> _Exercise description_
When you respond, write out each entry exactly as it stands.

> _Data for review_
text \<open>With two authors per paper, the marginal contribution of x to a coalition S in the
  reliability extension of the full obligation game is p x times the sum of C(x,l) p l over
  the coauthors l in S. Transposing two players other than x permutes the orderings, so every
  coauthor precedes x in equally many orderings, and the Shapley value of x becomes
  c * p x * (\<Sum>l. C(x,l) p l) with c \<ge> 0 independent of the profile p. Minimizing it is a
  fractional knapsack problem: lowering p l by e costs at least L l * e and gains C(x,l) * e,
  so spending the budget in order of decreasing C(x,l) / L l is optimal.\<close>

lemma sum_Pow_superset_prod:
  fixes p :: "'a \<Rightarrow> 'b::comm_ring_1"
  assumes "finite S" "A \<subseteq> S"
  shows "(\<Sum>T\<in>Pow S. if A \<subseteq> T then (\<Prod>i\<in>T. p i) * (\<Prod>i\<in>S - T. 1 - p i) else 0) = prod p A"
proof -
  define g where "g i = (if i \<in> A then 0 else 1 - p i)" for i
  have "prod p A = (\<Prod>i\<in>S. if i \<in> A then p i else 1)"
    using assms by (simp add: prod.If_cases Int_absorb1 Int_absorb2)
  also have "\<dots> = (\<Prod>i\<in>S. p i + g i)"
    by (rule prod.cong) (auto simp: g_def)
  also have "\<dots> = (\<Sum>T\<in>Pow S. prod p T * prod g (S - T))"
    using assms(1) by (rule prod_add)
  also have "\<dots> = (\<Sum>T\<in>Pow S. if A \<subseteq> T then prod p T * (\<Prod>i\<in>S - T. 1 - p i) else 0)"
  proof (rule sum.cong[OF refl])
    fix T assume "T \<in> Pow S"
    show "prod p T * prod g (S - T) = (if A \<subseteq> T then prod p T * (\<Prod>i\<in>S - T. 1 - p i) else 0)"
    proof (cases "A \<subseteq> T")
      case True
      then have "prod g (S - T) = (\<Prod>i\<in>S - T. 1 - p i)"
        by (intro prod.cong) (auto simp: g_def)
      then show ?thesis using True by simp
    next
      case False
      then obtain i where "i \<in> A - T" by blast
      then have "prod g (S - T) = 0"
        using assms by (intro prod_zero) (auto simp: g_def)
      then show ?thesis using False by simp
    qed
  qed
  finally show ?thesis by simp
qed

lemma rel_ext_v_FO:
  assumes "finite S" "finite K"
  shows "rel_ext p (v_FO K Auth w) S = (\<Sum>k\<in>K. if Auth k \<subseteq> S then w k * prod p (Auth k) else 0)"
proof -
  define P where "P T = (\<Prod>i\<in>T. p i) * (\<Prod>i\<in>S - T. 1 - p i)" for T
  have "rel_ext p (v_FO K Auth w) S = (\<Sum>T\<in>Pow S. \<Sum>k\<in>K. if Auth k \<subseteq> T then w k * P T else 0)"
    unfolding rel_ext_def v_FO_def P_def sum.inter_filter[OF assms(2)]
    by (auto simp: sum_distrib_right intro!: sum.cong)
  also have "\<dots> = (\<Sum>k\<in>K. w k * (\<Sum>T\<in>Pow S. if Auth k \<subseteq> T then P T else 0))"
    by (subst sum.swap) (simp add: sum_distrib_left if_distrib cong: if_cong)
  also have "\<dots> = (\<Sum>k\<in>K. if Auth k \<subseteq> S then w k * prod p (Auth k) else 0)"
  proof (intro sum.cong refl)
    fix k
    show "w k * (\<Sum>T\<in>Pow S. if Auth k \<subseteq> T then P T else 0) =
      (if Auth k \<subseteq> S then w k * prod p (Auth k) else 0)"
    proof (cases "Auth k \<subseteq> S")
      case True
      then show ?thesis unfolding P_def by (simp add: sum_Pow_superset_prod assms(1))
    next
      case False
      then have "\<not> Auth k \<subseteq> T" if "T \<in> Pow S" for T using that by blast
      then show ?thesis using False by simp
    qed
  qed
  finally show ?thesis .
qed

lemma rel_ext_v_FO_insert_diff:
  assumes "finite S" "finite K" "x \<notin> S"
  shows "rel_ext p (v_FO K Auth w) (insert x S) - rel_ext p (v_FO K Auth w) S =
    (\<Sum>k\<in>{k\<in>K. x \<in> Auth k \<and> Auth k \<subseteq> insert x S}. w k * prod p (Auth k))"
proof -
  have "rel_ext p (v_FO K Auth w) (insert x S) - rel_ext p (v_FO K Auth w) S =
     (\<Sum>k\<in>K. if x \<in> Auth k \<and> Auth k \<subseteq> insert x S then w k * prod p (Auth k) else 0)"
    unfolding rel_ext_v_FO[OF assms(1,2)] rel_ext_v_FO[OF finite_insert[THEN iffD2, OF assms(1)] assms(2)]
      sum_subtractf[symmetric]
    using assms(3) by (intro sum.cong refl) (auto simp: subset_insert)
  then show ?thesis by (simp add: sum.inter_filter[OF assms(2)])
qed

> _Result of the task_
text \<open>With two authors per paper, the marginal contribution of x to a coalition S in the
  reliability extension of the full obligation game is p x times the sum of C(x,l) p l over
  the coauthors l in S. Transposing two players other than x permutes the orderings, so every
  coauthor precedes x in equally many orderings, and the Shapley value of x becomes
  c * p x * (\<Sum>l. C(x,l) p l) with c \<ge> 0 independent of the profile p. Minimizing it is a
  fractional knapsack problem: lowering p l by e costs at least L l * e and gains C(x,l) * e,
  so spending the budget in order of decreasing C(x,l) / L l is optimal.\<close>

lemma sum_Pow_superset_prod:
  fixes p :: "'a \<Rightarrow> 'b::comm_ring_1"
  assumes "finite S" "A \<subseteq> S"
  shows "(\<Sum>T\<in>Pow S. if A \<subseteq> T then (\<Prod>i\<in>T. p i) * (\<Prod>i\<in>S - T. 1 - p i) else 0) = prod p A"
proof -
  define g where "g i = (if i \<in> A then 0 else 1 - p i)" for i
  have "prod p A = (\<Prod>i\<in>S. if i \<in> A then p i else 1)"
    using assms by (simp add: prod.If_cases Int_absorb1 Int_absorb2)
  also have "\<dots> = (\<Prod>i\<in>S. p i + g i)"
    by (rule prod.cong) (auto simp: g_def)
  also have "\<dots> = (\<Sum>T\<in>Pow S. prod p T * prod g (S - T))"
    using assms(1) by (rule prod_add)
  also have "\<dots> = (\<Sum>T\<in>Pow S. if A \<subseteq> T then prod p T * (\<Prod>i\<in>S - T. 1 - p i) else 0)"
  proof (rule sum.cong[OF refl])
    fix T assume "T \<in> Pow S"
    show "prod p T * prod g (S - T) = (if A \<subseteq> T then prod p T * (\<Prod>i\<in>S - T. 1 - p i) else 0)"
    proof (cases "A \<subseteq> T")
      case True
      then have "prod g (S - T) = (\<Prod>i\<in>S - T. 1 - p i)"
        by (intro prod.cong) (auto simp: g_def)
      then show ?thesis using True by simp
    next
      case False
      then obtain i where "i \<in> A - T" by blast
      then have "prod g (S - T) = 0"
        using assms by (intro prod_zero) (auto simp: g_def)
      then show ?thesis using False by simp
    qed
  qed
  finally show ?thesis by simp
qed

lemma rel_ext_v_FO:
  assumes "finite S" "finite K"
  shows "rel_ext p (v_FO K Auth w) S = (\<Sum>k\<in>K. if Auth k \<subseteq> S then w k * prod p (Auth k) else 0)"
proof -
  define P where "P T = (\<Prod>i\<in>T. p i) * (\<Prod>i\<in>S - T. 1 - p i)" for T
  have "rel_ext p (v_FO K Auth w) S = (\<Sum>T\<in>Pow S. \<Sum>k\<in>K. if Auth k \<subseteq> T then w k * P T else 0)"
    unfolding rel_ext_def v_FO_def P_def sum.inter_filter[OF assms(2)]
    by (auto simp: sum_distrib_right intro!: sum.cong)
  also have "\<dots> = (\<Sum>k\<in>K. w k * (\<Sum>T\<in>Pow S. if Auth k \<subseteq> T then P T else 0))"
    by (subst sum.swap) (simp add: sum_distrib_left if_distrib cong: if_cong)
  also have "\<dots> = (\<Sum>k\<in>K. if Auth k \<subseteq> S then w k * prod p (Auth k) else 0)"
  proof (intro sum.cong refl)
    fix k
    show "w k * (\<Sum>T\<in>Pow S. if Auth k \<subseteq> T then P T else 0) =
      (if Auth k \<subseteq> S then w k * prod p (Auth k) else 0)"
    proof (cases "Auth k \<subseteq> S")
      case True
      then show ?thesis unfolding P_def by (simp add: sum_Pow_superset_prod assms(1))
    next
      case False
      then have "\<not> Auth k \<subseteq> T" if "T \<in> Pow S" for T using that by blast
      then show ?thesis using False by simp
    qed
  qed
  finally show ?thesis .
qed

lemma rel_ext_v_FO_insert_diff:
  assumes "finite S" "finite K" "x \<notin> S"
  shows "rel_ext p (v_FO K Auth w) (insert x S) - rel_ext p (v_FO K Auth w) S =
    (\<Sum>k\<in>{k\<in>K. x \<in> Auth k \<and> Auth k \<subseteq> insert x S}. w k * prod p (Auth k))"
proof -
  have "rel_ext p (v_FO K Auth w) (insert x S) - rel_ext p (v_FO K Auth w) S =
     (\<Sum>k\<in>K. if x \<in> Auth k \<and> Auth k \<subseteq> insert x S then w k * prod p (Auth k) else 0)"
    unfolding rel_ext_v_FO[OF assms(1,2)] rel_ext_v_FO[OF finite_insert[THEN iffD2, OF assms(1)] assms(2)]
      sum_subtractf[symmetric]
    using assms(3) by (intro sum.cong refl) (auto simp: subset_insert)
  then show ?thesis by (simp add: sum.inter_filter[OF assms(2)])
qed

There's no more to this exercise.